For the most part at NASA, I worked on Apollo missions, although I also did some work on the Viking Mars lander program and some very early work on the Shuttle’s landing navigation system. I had been devouring science fiction since boyhood and daydreamed about writing it as well. I wanted to travel in space. Now I was as close to actually doing that as it was possible for a non–astronaut to do. I was living in a science–fictional future.
Four years later, in November 1971, after Apollo 15, I left NASA and moved to Denver to work on the Viking Mars lander project at Martin Marietta Corporation.
My wife and I liked Houston as a city, but we hated the climate and were tired of wondering if the next hurricane would hit us. At least as great a factor was my perception that Apollo was winding down and my job would probably evaporate. Manned spaceflight beyond Earth orbit was dying. There would be no lunar bases or missions to Mars.

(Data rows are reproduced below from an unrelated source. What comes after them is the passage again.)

(* Fix $\mathbb{B}_\ell$, $N$, $\lambda\in[0,1]$ and $\epsilon>0$, with $\mathcal H$, $F$ and ${}^\epsilon\!F$ as in the context. If $\rho$ is $N$-representable and $c\in\mathbb R$ (identified with the constant function $c$ on $\mathbb{B}_\ell$), then $${}^\epsilon\!F(\rho+c)={}^\epsilon\!F(\rho)+\frac{1}{2\epsilon}\ell^3c^2.$$
   Context: Let $\mathbb{B}_\ell=[-\ell/2,\ell/2]^3$ and $\mathcal H=L^2(\mathbb{B}_\ell)$ (real-valued) with inner product $(u|w)=\int_{\mathbb{B}_\ell}uw\,d\mathbf r$ and norm $\|\cdot\|_2$. For $v\in\mathcal H$, $\lambda\in[0,1]$, let $H_\lambda(v)=-\tfrac12\sum_{i=1}^N\Delta_i+\lambda\sum_{i<j}|\mathbf r_i-\mathbf r_j|^{-1}+\sum_i v(\mathbf r_i)$ and $E(v)=\inf_\Psi\langle\Psi|H_\lambda(v)|\Psi\rangle$ over normalized $\Psi\in H^1_0(\mathbb{B}_\ell^N)$ antisymmetric separately in the first $N_\uparrow$ and last $N-N_\uparrow$ coordinates. Let $F(\rho)=\sup_{v\in\mathcal H}(E(v)-(v|\rho))\in\mathbb{R}\cup\{+\infty\}$ and ${}^\epsilon\!F(\rho)=\inf_{\rho'\in\mathcal H}(F(\rho')+\tfrac1{2\epsilon}\|\rho-\rho'\|_2^2)$. A density $\rho$ is $N$-representable if it is the one-electron density of some such normalized antisymmetrized $\Psi\in H^1_0(\mathbb{B}_\ell^N)$; equivalently $\rho\ge0$ a.e., $\sqrt\rho\in H^1_0(\mathbb{B}_\ell)$ and $\int_{\mathbb{B}_\ell}\rho=N$. $F(\rho')<\infty$ only if $\rho'$ is $N$-representable. *)

theory Defs
  imports "HOL-Analysis.Analysis" "HOL-Combinatorics.Permutations"
begin

fun iter_pd :: "'a::euclidean_space list \<Rightarrow> ('a \<Rightarrow> real) \<Rightarrow> 'a \<Rightarrow> real" where
  "iter_pd [] f = f"
| "iter_pd (b # bs) f = (\<lambda>x. frechet_derivative (iter_pd bs f) (at x) b)"

definition smooth_fun :: "('a::euclidean_space \<Rightarrow> real) \<Rightarrow> bool" where
  "smooth_fun f \<longleftrightarrow> (\<forall>bs. set bs \<subseteq> Basis \<longrightarrow> (\<forall>x. iter_pd bs f differentiable (at x)))"

definition tsupport :: "('a::euclidean_space \<Rightarrow> real) \<Rightarrow> 'a set" where
  "tsupport f = closure {x. f x \<noteq> 0}"

definition test_fun :: "'a::euclidean_space set \<Rightarrow> ('a \<Rightarrow> real) \<Rightarrow> bool" where
  "test_fun U f \<longleftrightarrow> smooth_fun f \<and> compact (tsupport f) \<and> tsupport f \<subseteq> U"

definition grad :: "('a::euclidean_space \<Rightarrow> real) \<Rightarrow> 'a \<Rightarrow> 'a" where
  "grad f x = (\<Sum>b\<in>Basis. frechet_derivative f (at x) b *\<^sub>R b)"

definition L2 :: "'a::euclidean_space set \<Rightarrow> ('a \<Rightarrow> real) \<Rightarrow> bool" where
  "L2 D f \<longleftrightarrow> set_borel_measurable lebesgue D f \<and> set_integrable lebesgue D (\<lambda>x. (f x)^2)"

definition L2v :: "'a::euclidean_space set \<Rightarrow> ('a \<Rightarrow> 'a) \<Rightarrow> bool" where
  "L2v D g \<longleftrightarrow> set_borel_measurable lebesgue D g \<and> set_integrable lebesgue D (\<lambda>x. (norm (g x))^2)"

In a mere four years, the future had died. Fifty years later, I still can’t shake the sadness.
Memory is a tricky thing. Oh, yes, I remember the foolish things I did and said throughout my life, and I still cringe at those memories; those are the things I wish I could forget. Personal events stand out brightly from the dimness of the past, memories of deep importance to me, but so much has faded away. How I wish that I could remember everything from my NASA days in great detail! Instead, some parts are distinct, but others have blurred together.
I have to add that the blur is due to more than the passage of time. Back then, I was a newlywed, I was dealing with some serious personal emotional stresses, we had a newborn and then a toddler in the house, and at the same time, I was working on my master's in mathematics at the University of Houston. I was extremely short on sleep and a zombie for much of those four years.
I hope that inaccurate memory hasn’t caused me to misrepresent anything or to commit egregious errors. I have a dread of unintentionally claiming credit for the work of others, and I especially hope that faulty memory hasn’t caused me to do that in this book. I hope that any errors are minor and that the essence is correct.